Multi-layer equal-height mode (Format panel → Baselines → Multi-layer mode):

  • All bars (actual, baseline 1, baseline 2) render at equal height in a stacked layout — useful for side-by-side comparison when exact heights matter.

5.6 Critical Path

ProGantt calculates the critical path using the Critical Path Method (CPM) — forward and backward passes through the dependency network.

How it works:

  1. Forward pass: computes Earliest Start and Earliest Finish for every task.
  2. Backward pass: computes Latest Start and Latest Finish working backwards from the project end.
  3. Total Float = Latest Start − Earliest Start.
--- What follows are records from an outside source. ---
(* Let $T$ be a countable Dedekind domain such that $T/J$ is finite for every nonzero ideal $J\subset T$, let $a\in T$ be nonzero and not a unit, and let $R=T/aT$. Let $N$ be a finite $R$-module, $\delta>0$ a real number, $\epsilon_R>0$ a real number, and $n$ a positive integer; let $V=R^n$. Let $X$ be an $\epsilon_R$-balanced random vector valued in $V$, let $F\in\mathrm{Hom}_R(V,N)$ be a code of distance $\delta n$, and let $A\in N$. Then \[\left|\mathbb{P}(FX=A)-|N|^{-1}\right|\leq\exp(-\epsilon_R\delta n/|R|^2).\]
   Context: A random variable $y$ valued in $R$ is $\epsilon_R$-balanced if for every ideal $I$ of $R$ such that $R/I$ is an elementary abelian group (i.e. $R/I\simeq(\mathbb{Z}/p\mathbb{Z})^m$ as abelian groups for some prime $p$ and $m>0$), the image of $y$ in $R/I$ lies in any given proper affine $\mathbb{F}_p$-subspace of $R/I$ with probability at most $1-\epsilon_R$. A random vector is $\epsilon_R$-balanced if its entries are independent and $\epsilon_R$-balanced. Let $v_1,\dots,v_n$ be the standard basis of $V=R^n$; for $\sigma\subset[n]=\{1,\dots,n\}$, $V_\sigma$ is the submodule generated by the $v_i$ with $i\notin\sigma$. $F\in\mathrm{Hom}_R(V,N)$ is a code of distance $w$ if $F(V_\sigma)=N$ for every $\sigma\subset[n]$ with $|\sigma|<w$. *)

theory Defs
  imports "HOL-Probability.Probability" "HOL-Computational_Algebra.Fraction_Field"
    "HOL-Computational_Algebra.Polynomial" "HOL-Library.Function_Algebras"
begin

definition is_ideal :: "'a::comm_ring_1 set \<Rightarrow> bool" where
  "is_ideal I \<longleftrightarrow> 0 \<in> I \<and> (\<forall>x\<in>I. \<forall>y\<in>I. x + y \<in> I) \<and> (\<forall>r. \<forall>x\<in>I. r * x \<in> I)"

definition is_prime_ideal :: "'a::comm_ring_1 set \<Rightarrow> bool" where
  "is_prime_ideal P \<longleftrightarrow> is_ideal P \<and> P \<noteq> UNIV \<and> (\<forall>x y. x * y \<in> P \<longrightarrow> x \<in> P \<or> y \<in> P)"

definition is_maximal_ideal :: "'a::comm_ring_1 set \<Rightarrow> bool" where
  "is_maximal_ideal P \<longleftrightarrow> is_ideal P \<and> P \<noteq> UNIV \<and>
     (\<forall>J. is_ideal J \<and> P \<subseteq> J \<longrightarrow> J = P \<or> J = UNIV)"

definition noetherian_ring :: "'a::comm_ring_1 itself \<Rightarrow> bool" where
  "noetherian_ring _ \<longleftrightarrow> (\<forall>I::'a set. is_ideal I \<longrightarrow>
     (\<exists>S. finite S \<and> I = {\<Sum>s\<in>S. c s * s | c. True}))"

definition integrally_closed :: "'a::idom itself \<Rightarrow> bool" where
  "integrally_closed _ \<longleftrightarrow> (\<forall>z::'a fract.
     (\<exists>p::'a poly. lead_coeff p = 1 \<and> poly (map_poly (\<lambda>c. Fract c 1) p) z = 0)
       \<longrightarrow> (\<exists>t. z = Fract t 1))"

definition dedekind_domain :: "'a::idom itself \<Rightarrow> bool" where
  "dedekind_domain T \<longleftrightarrow> noetherian_ring T \<and> integrally_closed T \<and>
     (\<forall>P::'a set. is_prime_ideal P \<and> P \<noteq> {0} \<longrightarrow> is_maximal_ideal P)"

definition finite_quotient :: "'a::comm_ring_1 set \<Rightarrow> bool" where
  "finite_quotient J \<longleftrightarrow> finite ((\<lambda>x. {y. x - y \<in> J}) ` UNIV)"
(* Assume (A1) and (A2), and set $\tilde\eta=2\eta\|\mathbf{u}\|_2^2/m$. Let $k\ge1$ with $\bar T_k<\infty$, and suppose $E_{\bar T_k-1}:=\frac1m\sum_{r\in[m]}\big[\sigma(-\langle\mathbf{w}^{(\bar T_k-1)}_{-y,r},-y\mathbf{u}\rangle)+\sigma(-\langle\mathbf{w}^{(\bar T_k-1)}_{-y,r},-y\mathbf{v}\rangle)\big]<\delta/2$. Then $$yf(\mathbf{x};\mathbf{W}^{(\bar T_k-1)})\ge\frac{2+\tilde\eta-\sqrt{\tilde\eta^2+4\tilde\eta}}{2\tilde\eta},$$ and $$yf(\mathbf{x};\mathbf{W}^{(\bar T_k)})\le yf(\mathbf{x};\mathbf{W}^{(\bar T_k-1)})\Big(1+\tilde\eta\big(1-yf(\mathbf{x};\mathbf{W}^{(\bar T_k-1)})\big)\Big)^2+2E_{\bar T_k-1}.$$ (This holds regardless of whether $\bar T_k$ is before or after $T_{(\mathbf{v})}$.)
   Context: Single-data setting: $\mathbf{u},\mathbf{v}\in\mathbb{R}^d$ are fixed nonzero vectors with $\langle\mathbf{u},\mathbf{v}\rangle=0$, $y\in\{\pm1\}$, and the single training example is $(\mathbf{x},y)$ with $\mathbf{x}=(y\mathbf{u},y\mathbf{v})$. Let $\sigma(z)=(\max\{z,0\})^2$ (so $\sigma'(z)=2\max\{z,0\}$). Weights $\mathbf{W}=\{\mathbf{w}_{j,r}\}_{j\in\{\pm1\},r\in[m]}\subset\mathbb{R}^d$; network $f(\mathbf{x};\mathbf{W})=\sum_{j\in\{\pm1\}}jF_j(\mathbf{x};\mathbf{W})$ with $F_j(\mathbf{x};\mathbf{W})=\frac1m\sum_{r\in[m]}[\sigma(\langle\mathbf{w}_{j,r},y\mathbf{u}\rangle)+\sigma(\langle\mathbf{w}_{j,r},y\mathbf{v}\rangle)]$; loss $L(\mathbf{W})=\frac12(f(\mathbf{x};\mathbf{W})-y)^2$. All entries of all $\mathbf{w}^{(0)}_{j,r}$ are i.i.d. $N(0,\sigma_0^2)$, and for $t\ge0$: $\mathbf{w}^{(t+1)}_{j,r}=\mathbf{w}^{(t)}_{j,r}-\frac{\eta j}{m}(f(\mathbf{x};\mathbf{W}^{(t)})-y)\big(\sigma'(\langle\mathbf{w}^{(t)}_{j,r},y\mathbf{u}\rangle)y\mathbf{u}+\sigma'(\langle\mathbf{w}^{(t)}_{j,r},y\mathbf{v}\rangle)y\mathbf{v}\big)$ with learning rate $\eta>0$. (A1) Conditions: $m/(4\|\mathbf{u}\|_2^2)\le\eta\le2m/(5\|\mathbf{u}\|_2^2)$; $\sigma_0=\tilde\Theta(\max\{\|\mathbf{u}\|_2,\|\mathbf{v}\|_2\}^{-1}d^{-1/2})$; $\|\mathbf{v}\|_2<0.01\|\mathbf{u}\|_2$; $d=\Omega(\mathrm{polylog}(m))$. (A2) Oscillation: there is a constant $\delta\in(0.2,0.8)$ with $|yf(\mathbf{x};\mathbf{W}^{(t)})-1|\ge\delta$ for every $t\ge0$. Up-crossing times: $\bar T_0=0$ and, recursively, $\bar T_k=\min\{t>\bar T_{k-1}:yf(\mathbf{x};\mathbf{W}^{(t)})\ge1\text{ and }yf(\mathbf{x};\mathbf{W}^{(t-1)})<1\}$. $T_{(\mathbf{v})}=\min\{t\ge0:\frac1m\sum_{r}\sigma(\langle\mathbf{w}^{(t)}_{y,r},y\mathbf{v}\rangle)>\delta\}$. *)

theory Defs
  imports "HOL-Analysis.Analysis"
begin

definition act :: "real \<Rightarrow> real" where
  "act z = (max z 0)^2"

definition act' :: "real \<Rightarrow> real" where
  "act' z = 2 * max z 0"

definition Fnet :: "nat \<Rightarrow> 'a::real_inner \<times> 'a \<Rightarrow> (int \<Rightarrow> nat \<Rightarrow> 'a) \<Rightarrow> int \<Rightarrow> real" where
  "Fnet m x W j = (1 / real m) * (\<Sum>r<m. act (inner (W j r) (fst x)) + act (inner (W j r) (snd x)))"

definition fnet :: "nat \<Rightarrow> 'a::real_inner \<times> 'a \<Rightarrow> (int \<Rightarrow> nat \<Rightarrow> 'a) \<Rightarrow> real" where
  "fnet m x W = (\<Sum>j\<in>{-1, 1::int}. real_of_int j * Fnet m x W j)"

text \<open>One gradient descent step on L(W) = (f(x;W) - y)^2 / 2 as given in the paper.\<close>
definition gd_step :: "nat \<Rightarrow> real \<Rightarrow> 'a::real_inner \<times> 'a \<Rightarrow> real \<Rightarrow> (int \<Rightarrow> nat \<Rightarrow> 'a) \<Rightarrow> (int \<Rightarrow> nat \<Rightarrow> 'a)" where
  "gd_step m \<eta> x y W = (\<lambda>j r. W j r - (\<eta> * real_of_int j / real m * (fnet m x W - y)) *\<^sub>R
      (act' (inner (W j r) (fst x)) *\<^sub>R fst x + act' (inner (W j r) (snd x)) *\<^sub>R snd x))"

text \<open>Up-crossing times: Tbar g 0 = 0 and Tbar g k = min{t > Tbar g (k-1). g t >= 1 and g (t-1) < 1},
  where g t = y f(x; W^(t)).  None encodes "= infinity".\<close>
fun Tbar :: "(nat \<Rightarrow> real) \<Rightarrow> nat \<Rightarrow> nat option" where
  "Tbar g 0 = Some 0"
| "Tbar g (Suc k) = (case Tbar g k of
      None \<Rightarrow> None
    | Some s \<Rightarrow> (if \<exists>t. t > s \<and> g t \<ge> 1 \<and> g (t - 1) < 1
                then Some (LEAST t. t > s \<and> g t \<ge> 1 \<and> g (t - 1) < 1) else None))"

end

theory Submission
  imports Defs
begin

text \<open>Let z be the margin y f at time T - 1, just before an up-crossing, and
  \<open>c = 1 + \<eta>t (1 - z)\<close>. Since u and v are orthogonal, one gradient step multiplies every
  positive pre-activation of a label neuron along y u by c, and along y v by a factor between 1
  and c, while the neurons of the other sign only lower the margin. Hence the margin at T is at
  most \<open>c\<^sup>2 (z + E)\<close>. Oscillation gives \<open>z \<le> 1 - \<delta>\<close> and a margin of at least \<open>1 + \<delta>\<close> at T; with
  \<open>E < \<delta>/2\<close> this forces \<open>c\<^sup>2 z \<ge> 1\<close>, which says that z lies above the smaller root of
  \<open>\<eta>t\<^sup>2 z\<^sup>2 - \<eta>t (\<eta>t + 2) z + 1\<close>. For \<open>\<eta>t \<le> 4/5\<close> that root exceeds 1/2, so \<open>c\<^sup>2 \<le> 2\<close>, which
  turns \<open>c\<^sup>2 E\<close> into 2 E.\<close>

lemma act_nonneg: "0 \<le> act a"
  by (simp add: act_def)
A task with zero float is on the critical path.
  4. Circular dependencies are detected and their edges are excluded from the calculation.

Visual indicators:

  • Critical tasks (zero float): bar rendered in the critical color (default: red).
  • Near-critical tasks (float ≤ threshold, default 3 days): bar rendered in the near-critical warning color.
  • Float bar: thin extension to the right of the task bar, showing the float days visually. Length = float days × pixels-per-day.
  • Total Float column: shown in the task grid (integer days with d suffix); sortable.
  • Dependency fade: non-critical task bars and dependency lines are dimmed when critical path mode is on, drawing attention to the critical chain.
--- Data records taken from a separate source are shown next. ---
lemma interior_solution_is_GNE:
  assumes "a > 0" "b1 > 0" "b2 > 0" "c > 0"
    and r: "r * flow_denominator b1 b2 c = a * c * (b2 - b1)"
  shows "is_GNE a b1 c a b2 c ((a - b1 * r) / (2 * (b1 + c))) ((a + b2 * r) / (2 * (b2 + c))) r"
proof -
  define q1 where "q1 = (a - b1 * r) / (2 * (b1 + c))"
  define q2 where "q2 = (a + b2 * r) / (2 * (b2 + c))"
  have foc: "2 * (b1 + c) * q1 = a - b1 * r" "2 * (b2 + c) * q2 = a + b2 * r"
    using assms(2-4) unfolding q1_def q2_def by simp_all
  have margins: "a - b1 * r > 0" "a - b2 * (- r) > 0"
    using interior_margin_pos[OF assms(1-4) r]
      interior_margin_pos[OF assms(1,3,2,4), of "- r"] r
    by (simp_all add: flow_denominator_commute algebra_simps)
  have "(b1 + b2) * r = b2 * q2 - b1 * q1"
    using interior_balance_iff[OF assms(2-4) foc] r by simp
  then have "is_GNE a b1 c a b2 c q1 q2 r"
    using is_GNE_iff[OF assms(2-4)] foc margins assms(2-4)
    unfolding q1_def q2_def by simp
  then show ?thesis unfolding q1_def q2_def .
qed

theorem mainTheorem4:
  fixes a c b1 b2 :: real
  assumes "a > 0" and "c > 0" and "b1 > 0" and "b2 > 0"
    and "1 < b1 / b2" and "b1 / b2 \<le> 3"
  defines "rs \<equiv> a * c * (b2 - b1) /
      ((b1 + b2) * (b1 * b2 + 2 * c^2) + c * (b1^2 + b2^2 + 4 * b1 * b2))"
  defines "q1s \<equiv> (a - b1 * rs) / (2 * (b1 + c))"
  defines "q2s \<equiv> (a + b2 * rs) / (2 * (b2 + c))"
  shows "is_GNE a b1 c a b2 c q1s q2s rs
    \<and> (\<forall>q1 q2 r. is_GNE a b1 c a b2 c q1 q2 r \<longrightarrow> q1 = q1s \<and> q2 = q2s \<and> r = rs)
    \<and> a - b1 * rs \<ge> 0 \<and> a + b2 * rs \<ge> 0
    \<and> rs = (b2 * q2s - b1 * q1s) / (b1 + b2)"
proof -
  let ?D = "flow_denominator b1 b2 c"
  have D: "?D > 0" using flow_denominator_pos assms(2-4) by simp
  have rs: "rs * ?D = a * c * (b2 - b1)"
    using D unfolding rs_def flow_denominator_def by simp
  have gne: "is_GNE a b1 c a b2 c q1s q2s rs"
    unfolding q1s_def q2s_def using interior_solution_is_GNE[OF assms(1,3,4,2) rs] .
  have unique: "q1 = q1s \<and> q2 = q2s \<and> r = rs" if "is_GNE a b1 c a b2 c q1 q2 r" for q1 q2 r
  proof -
    note interior = GNE_interior[OF assms(1,3,4,2) that]
    have "r = rs" using interior(3) rs D by (metis mult_right_cancel less_irrefl)
    then show ?thesis
      using interior(1,2) assms(2-4) unfolding q1s_def q2s_def by (simp add: field_simps)
  qed
  have margins: "a - b1 * rs > 0" "a - b2 * (- rs) > 0"
    using interior_margin_pos[OF assms(1,3,4,2) rs]
      interior_margin_pos[OF assms(1,4,3,2), of "- rs"] rs
    by (simp_all add: flow_denominator_commute algebra_simps)
  have "(b1 + b2) * rs = b2 * q2s - b1 * q1s"
    using GNE_interior[OF assms(1,3,4,2) gne] interior_balance_iff[OF assms(3,4,2)] rs by blast
  then have "rs = (b2 * q2s - b1 * q1s) / (b1 + b2)"
    using assms(3,4) by (simp add: eq_divide_eq mult.commute)
  moreover have "\<forall>q1 q2 r. is_GNE a b1 c a b2 c q1 q2 r \<longrightarrow> q1 = q1s \<and> q2 = q2s \<and> r = rs"
    using unique by blast
  moreover have "a - b1 * rs \<ge> 0" "a + b2 * rs \<ge> 0" using margins by simp_all
  ultimately show ?thesis using gne by blast
qed

end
Per-task critical override: Bind a column to the Critical role. Any task with a non-blank value in that column is treated as critical regardless of CPM result — useful when you want to manually flag tasks without needing a dependency network.

5.7 Color-by-Field

Color-by-Field maps a categorical text column to bar colors via configurable rules.

Setup:

  1. Bind a column (e.g. “Color Field” with values like “Complete”, “At Risk”) to the Color Field role.
  2. In Format panel → Task Bars → Color Rules 1–8, configure up to 8 value/color pairs.
  3. Each slot: type the exact value string in “Rule Value” and pick a color in “Rule Color.”
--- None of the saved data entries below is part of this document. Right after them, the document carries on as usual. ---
lemma proper_edge_colouring_swap:
  assumes proper: "proper_edge_colouring col F"
    and C: "\<forall>e\<in>C. e \<in> F \<and> (col e = \<alpha> \<or> col e = \<beta>)"
    and closed: "\<forall>e\<in>C. \<forall>e'\<in>F. (col e' = \<alpha> \<or> col e' = \<beta>) \<longrightarrow> e \<inter> e' \<noteq> {} \<longrightarrow> e' \<in> C"
  shows "proper_edge_colouring (\<lambda>e. if e \<in> C then (if col e = \<alpha> then \<beta> else \<alpha>) else col e) F"
  unfolding proper_edge_colouring_def
proof (intro ballI impI)
  fix e e' assume e: "e \<in> F" "e' \<in> F" "e \<noteq> e'" "e \<inter> e' \<noteq> {}"
  then have differ: "col e \<noteq> col e'" using proper unfolding proper_edge_colouring_def by blast
  have "e' \<in> C" if "e \<in> C" "col e' = \<alpha> \<or> col e' = \<beta>" using closed that e by blast
  moreover have "e \<in> C" if "e' \<in> C" "col e = \<alpha> \<or> col e = \<beta>" using closed that e by blast
  ultimately show "(if e \<in> C then (if col e = \<alpha> then \<beta> else \<alpha>) else col e) \<noteq>
      (if e' \<in> C then (if col e' = \<alpha> then \<beta> else \<alpha>) else col e')"
    using differ C by auto
qed
lemma radius_Times_id:
  assumes X: "Metric_space X dX" and Y: "Metric_space Y dY"
    and "Z \<subseteq> Y" "Z \<noteq> {}" "W \<subseteq> X" "W \<noteq> X"
  shows "radius (X \<times> Y) (max_dist dX dY) (W \<times> Z) (\<lambda>(x, y). (\<phi> x, y)) = radius X dX W \<phi>"
proof -
  interpret X: Metric_space X dX by fact
  interpret Y: Metric_space Y dY by fact
  define f where "f p = max_dist dX dY p (ext_id (W \<times> Z) (\<lambda>(x, y). (\<phi> x, y)) p)" for p
  define g where "g x = dX x (ext_id W \<phi> x)" for x
  have f_in_Z: "f (x, y) = g x" if "x \<in> X" "y \<in> Z" for x y
    using that subsetD[OF assms(3) that(2)] X.nonneg[of x "\<phi> x"]
    by (auto simp: f_def g_def ext_id_def max_dist_def max.absorb1)
  have f_off_Z: "f (x, y) = 0" if "x \<in> X" "y \<in> Y" "y \<notin> Z" for x y
    using that by (auto simp: f_def ext_id_def max_dist_def)
  obtain x0 where "x0 \<in> X" "x0 \<notin> W"
    using assms(5,6) by blast
  then have "g x0 = 0"
    by (simp add: g_def ext_id_def)
  obtain z0 where "z0 \<in> Z"
    using assms(4) by blast
  have "f ` (X \<times> Y) = g ` X"
  proof (intro equalityI subsetI)
    fix v assume "v \<in> f ` (X \<times> Y)"
    then obtain x y where "x \<in> X" "y \<in> Y" "v = f (x, y)"
      by auto
    then show "v \<in> g ` X"
      using f_in_Z f_off_Z \<open>g x0 = 0\<close> \<open>x0 \<in> X\<close> by (cases "y \<in> Z") auto
  next
    fix v assume "v \<in> g ` X"
    then show "v \<in> f ` (X \<times> Y)"
      using f_in_Z \<open>z0 \<in> Z\<close> assms(3) by (force intro: image_eqI[of _ _ "(_, z0)"])
  qed
  then show ?thesis
    unfolding radius_def f_def g_def by simp
qed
Color priority chain (highest to lowest):

  1. CPM critical path color
  2. CPM near-critical color
  3. Category Style bar color (if Task Category is bound and a matching slot is found)
  4. Color-by-Field rule color
  5. Default bar color

5.8 Status Indicator

The status indicator is a colored circle displayed in a dedicated column in the task grid, providing a traffic-light view of each task’s health.

Setup:

  1. Bind a column to the Status Rules role (values like “Green”, “Amber”, “Red”).
  2. In Format panel → Status Indicator → Rule 1–8, configure up to 8 value/color pairs.
  3. Each slot: type the value string and pick a color (typically green, amber/orange, red).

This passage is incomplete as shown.